lemma past_mean_Suc_in:
  assumes "n \<in> I"
  shows "past_mean I y (Suc n) =
    (card (I \<inter> {..<n}) * past_mean I y n + y n) / (card (I \<inter> {..<n}) + 1)"
proof -
  have eq: "I \<inter> {..<Suc n} = insert n (I \<inter> {..<n})" using assms by auto
  show ?thesis
    by (cases "card (I \<inter> {..<n}) = 0") (auto simp: past_mean_def eq add.commute)
qed

lemma sq_loss_mean_update_le:
  fixes y M t :: real
  assumes "\<bar>y\<bar> \<le> 1" "\<bar>M\<bar> \<le> 1" "t \<ge> 0"
  shows "(y - M)\<^sup>2 \<le> (y - (t * M + y) / (t + 1))\<^sup>2 + 8 / (t + 1)"
proof -
  define d where "d = (y - M) / (t + 1)"
  have "(t * M + y) / (t + 1) = M + d" using assms(3) by (simp add: d_def field_simps)
  then have "(y - M)\<^sup>2 - (y - (t * M + y) / (t + 1))\<^sup>2 = 2 * d * (y - M) - d\<^sup>2"
    by (simp add: power2_eq_square algebra_simps)
  also have "\<dots> \<le> 2 * d * (y - M)" by simp
  also have "\<dots> = 2 * (y - M)\<^sup>2 / (t + 1)" by (simp add: d_def power2_eq_square)
  also have "\<dots> \<le> 2 * 2\<^sup>2 / (t + 1)"
  proof -
    have "\<bar>y - M\<bar> \<le> \<bar>2\<bar>" using assms(1,2) by linarith
    then have "(y - M)\<^sup>2 \<le> 2\<^sup>2" by (metis abs_le_square_iff)
    then show ?thesis using assms(3) by (intro divide_right_mono mult_left_mono) auto
  qed
  finally show ?thesis by simp
qed

lemma follow_the_leader_prefix:
  assumes y: "\<And>i. \<bar>y i\<bar> \<le> 1"
  shows "(\<Sum>i\<in>I \<inter> {..<n}. (y i - past_mean I y i)\<^sup>2)
    \<le> (\<Sum>i\<in>I \<inter> {..<n}. (y i - past_mean I y n)\<^sup>2) + 8 * harm (card (I \<inter> {..<n}))"
proof (induction n)
  case (Suc n)
  show ?case
  proof (cases "n \<in> I")
    case False
    then have "I \<inter> {..<Suc n} = I \<inter> {..<n}" by (auto simp: less_Suc_eq)
    then show ?thesis using Suc.IH False by (simp add: past_mean_Suc_notin)
  next
    case True
    define S where "S = I \<inter> {..<n}"
    define t where "t = real (card S)"
    define M where "M = past_mean I y n"
    define M' where "M' = past_mean I y (Suc n)"
    have S: "finite S" "n \<notin> S" "I \<inter> {..<Suc n} = insert n S" using True by (auto simp: S_def)
    have "M' = (t * M + y n) / (t + 1)"
      using past_mean_Suc_in[OF True] by (simp add: M_def M'_def t_def S_def)
    then have last: "(y n - M)\<^sup>2 \<le> (y n - M')\<^sup>2 + 8 / (t + 1)"
      using sq_loss_mean_update_le[OF y abs_past_mean_le_1[OF y]] by (simp add: M_def t_def)
    have "(\<Sum>i\<in>S. (y i - M)\<^sup>2) \<le> (\<Sum>i\<in>S. (y i - M')\<^sup>2)"
      unfolding M_def past_mean_def S_def by (rule sum_sq_dev_mean_le) simp
    moreover have "harm (card (insert n S)) = harm (card S) + 1 / (t + 1)"
      using S by (simp add: harm_Suc t_def inverse_eq_divide)
    ultimately show ?thesis
      using Suc.IH last S by (simp add: S_def[symmetric] M_def[symmetric] M'_def[symmetric] algebra_simps)
  qed
qed (simp add: harm_def)

lemma follow_the_leader_regret:
  assumes "finite I" "\<And>i. \<bar>y i\<bar> \<le> 1"
  shows "(\<Sum>i\<in>I. (y i - past_mean I y i)\<^sup>2) \<le> (\<Sum>i\<in>I. (y i - m)\<^sup>2) + 8 * harm (card I)"
proof -
  obtain n where "I \<subseteq> {..<n}" using assms(1) finite_nat_iff_bounded by auto
  then have I: "I \<inter> {..<n} = I" by auto
  have "(\<Sum>i\<in>I. (y i - past_mean I y n)\<^sup>2) \<le> (\<Sum>i\<in>I. (y i - m)\<^sup>2)"
    using sum_sq_dev_mean_le[OF assms(1)] by (simp add: past_mean_def I)
  then show ?thesis using follow_the_leader_prefix[of y I n, OF assms(2)] by (simp add: I)
qed

text \<open>Rounds count from 1, so round \<open>i\<close> of the history \<open>h\<close> is \<open>h ! (i - 1)\<close>.\<close>
definition cell_mean_strategy :: "(nat \<Rightarrow> 'a \<Rightarrow> 'k) \<Rightarrow> ('a \<times> real) list \<Rightarrow> 'a \<Rightarrow> real" where
  "cell_mean_strategy key h z =
    (let n = Suc (length h); W = {i \<in> {1..<n}. key i (fst (h ! (i - 1))) = key n z}
     in (\<Sum>i\<in>W. snd (h ! (i - 1))) / card W)"

lemma predictions_cell_mean_strategy:
  assumes "n \<in> {1..N}"
  shows "predictions (cell_mean_strategy key) x y n
    = past_mean {i \<in> {1..N}. key i (x i) = key n (x n)} y n"
proof -
  define h where "h = map (\<lambda>i. (x i, y i)) [1..<n]"
  have len: "Suc (length h) = n" using assms by (simp add: h_def)
  have nth: "h ! (i - 1) = (x i, y i)" if "i \<in> {1..<n}" for i
    using that by (auto simp: h_def nth_map)
  have W: "{i \<in> {1..<n}. key i (fst (h ! (i - 1))) = key n (x n)}
      = {i \<in> {1..N}. key i (x i) = key n (x n)} \<inter> {..<n}"
    using assms nth by auto
  have "predictions (cell_mean_strategy key) x y n = cell_mean_strategy key h (x n)"
    by (simp add: predictions_def h_def)
  also have "\<dots> = (\<Sum>i\<in>{i \<in> {1..N}. key i (x i) = key n (x n)} \<inter> {..<n}. snd (h ! (i - 1)))
      / card ({i \<in> {1..N}. key i (x i) = key n (x n)} \<inter> {..<n})"
    unfolding cell_mean_strategy_def Let_def len W ..
  also have "(\<Sum>i\<in>{i \<in> {1..N}. key i (x i) = key n (x n)} \<inter> {..<n}. snd (h ! (i - 1)))
      = (\<Sum>i\<in>{i \<in> {1..N}. key i (x i) = key n (x n)} \<inter> {..<n}. y i)"
    using nth by (intro sum.cong) auto
  finally show ?thesis by (simp add: past_mean_def)
qed

lemma cell_mean_strategy_regret:
  assumes "finite T" "\<And>n. n \<in> {1..N} \<Longrightarrow> key n (x n) \<in> T" "\<And>n. \<bar>y n\<bar> \<le> 1"
  shows "(\<Sum>n=1..N. (y n - predictions (cell_mean_strategy key) x y n)\<^sup>2)
    \<le> (\<Sum>n=1..N. (y n - v (key n (x n)))\<^sup>2) + 8 * real (card T) * harm N"
proof -
  define I where "I q = {n \<in> {1..N}. key n (x n) = q}" for q
  have "(\<lambda>n. key n (x n)) ` {1..N} \<subseteq> T" using assms(2) by auto
  then have group: "(\<Sum>n=1..N. g n) = (\<Sum>q\<in>T. \<Sum>n\<in>I q. g n)" for g :: "nat \<Rightarrow> real"
    using sum.group[OF finite_atLeastAtMost assms(1), where h = g] by (simp add: I_def)
  have cell: "(\<Sum>n\<in>I q. (y n - predictions (cell_mean_strategy key) x y n)\<^sup>2)
      \<le> (\<Sum>n\<in>I q. (y n - v (key n (x n)))\<^sup>2) + 8 * harm N" for q
  proof -
    have "(\<Sum>n\<in>I q. (y n - predictions (cell_mean_strategy key) x y n)\<^sup>2)
        = (\<Sum>n\<in>I q. (y n - past_mean (I q) y n)\<^sup>2)"
      by (intro sum.cong refl) (auto simp: I_def predictions_cell_mean_strategy)
    also have "\<dots> \<le> (\<Sum>n\<in>I q. (y n - v q)\<^sup>2) + 8 * harm (card (I q))"
      by (rule follow_the_leader_regret) (simp_all add: I_def assms(3))
    also have "harm (card (I q)) \<le> (harm N :: real)"
      using card_mono[of "{1..N}" "I q"] by (intro harm_mono) (force simp: I_def)
    also have "(\<Sum>n\<in>I q. (y n - v q)\<^sup>2) = (\<Sum>n\<in>I q. (y n - v (key n (x n)))\<^sup>2)"
      by (simp add: I_def)
    finally show ?thesis by simp
  qed
  have "(\<Sum>n=1..N. (y n - predictions (cell_mean_strategy key) x y n)\<^sup>2)
      \<le> (\<Sum>q\<in>T. (\<Sum>n\<in>I q. (y n - v (key n (x n)))\<^sup>2) + 8 * harm N)"
    unfolding group by (intro sum_mono cell)
  also have "\<dots> = (\<Sum>n=1..N. (y n - v (key n (x n)))\<^sup>2) + 8 * real (card T) * harm N"
    unfolding sum.distrib group[symmetric] by simp
  finally show ?thesis .
qed

lemma sq_loss_clip_le:
  fixes y a b :: real
  assumes "\<bar>y\<bar> \<le> 1"
  shows "(y - max (-1) (min 1 b))\<^sup>2 \<le> (y - a)\<^sup>2 + 4 * \<bar>a - b\<bar>"
proof -
  define ca where "ca = max (-1) (min 1 a)"
  define cb where "cb = max (-1) (min 1 b)"
  have "\<bar>y - ca\<bar> \<le> \<bar>y - a\<bar>" using assms by (auto simp: ca_def)
  then have clip_a: "(y - ca)\<^sup>2 \<le> (y - a)\<^sup>2" by (metis abs_le_square_iff)
  have "(y - cb)\<^sup>2 = (y - ca)\<^sup>2 + (ca - cb) * (2 * y - ca - cb)"
    by (simp add: power2_eq_square algebra_simps)
  also have "(ca - cb) * (2 * y - ca - cb) \<le> \<bar>ca - cb\<bar> * \<bar>2 * y - ca - cb\<bar>"
    by (metis abs_ge_self abs_mult)
  also have "\<dots> \<le> \<bar>a - b\<bar> * 4"
    using assms by (intro mult_mono) (auto simp: ca_def cb_def)
  finally show ?thesis using clip_a unfolding cb_def by linarith
qed

lemma ex_minimal_net:
  assumes "totally_bounded (UNIV :: 'a::metric_space set)" "\<epsilon> > 0"
  shows "\<exists>S::'a set. finite S \<and> card S = net_number (UNIV :: 'a set) \<epsilon>
    \<and> (\<forall>z. \<exists>s\<in>S. dist z s \<le> \<epsilon>)"
proof -
  obtain k :: "'a set" where k: "finite k" "UNIV \<subseteq> (\<Union>s\<in>k. {z. dist s z < \<epsilon>})"
    using assms unfolding totally_bounded_metric by blast
  have "\<exists>s\<in>k. dist z s \<le> \<epsilon>" for z
  proof -
    obtain s where "s \<in> k" "dist s z < \<epsilon>" using k(2) by blast
    then show ?thesis by (intro bexI[of _ s]) (simp_all add: dist_commute)
  qed
  then have "\<exists>n S. S \<subseteq> (UNIV :: 'a set) \<and> finite S \<and> card S = n
      \<and> (\<forall>z\<in>UNIV. \<exists>s\<in>S. dist z s \<le> \<epsilon>)"
    using k(1) by blast
  from LeastI_ex[OF this] show ?thesis unfolding net_number_def by simp
qed

definition minimal_net :: "real \<Rightarrow> 'a::metric_space set" where
  "minimal_net \<epsilon> = (SOME S. finite S \<and> card S = net_number (UNIV :: 'a set) \<epsilon>
    \<and> (\<forall>z. \<exists>s\<in>S. dist z s \<le> \<epsilon>))"

definition net_center :: "real \<Rightarrow> 'a::metric_space \<Rightarrow> 'a" where
  "net_center \<epsilon> z = (SOME s. s \<in> minimal_net \<epsilon> \<and> dist z s \<le> \<epsilon>)"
########################################
Aim of the task -
Taking the line with "y n)\<^sup>2) +" as the first and the line with "using sq_loss_mean_update_le[OF y" as the last, retype that stretch of the data above exactly, with no other lines.

Written response -
    \<le> (\<Sum>i\<in>I \<inter> {..<n}. (y i - past_mean I y n)\<^sup>2) + 8 * harm (card (I \<inter> {..<n}))"
proof (induction n)
  case (Suc n)
  show ?case
  proof (cases "n \<in> I")
    case False
    then have "I \<inter> {..<Suc n} = I \<inter> {..<n}" by (auto simp: less_Suc_eq)
    then show ?thesis using Suc.IH False by (simp add: past_mean_Suc_notin)
  next
    case True
    define S where "S = I \<inter> {..<n}"
    define t where "t = real (card S)"
    define M where "M = past_mean I y n"
    define M' where "M' = past_mean I y (Suc n)"
    have S: "finite S" "n \<notin> S" "I \<inter> {..<Suc n} = insert n S" using True by (auto simp: S_def)
    have "M' = (t * M + y n) / (t + 1)"
      using past_mean_Suc_in[OF True] by (simp add: M_def M'_def t_def S_def)
    then have last: "(y n - M)\<^sup>2 \<le> (y n - M')\<^sup>2 + 8 / (t + 1)"
      using sq_loss_mean_update_le[OF y abs_past_mean_le_1[OF y]] by (simp add: M_def t_def)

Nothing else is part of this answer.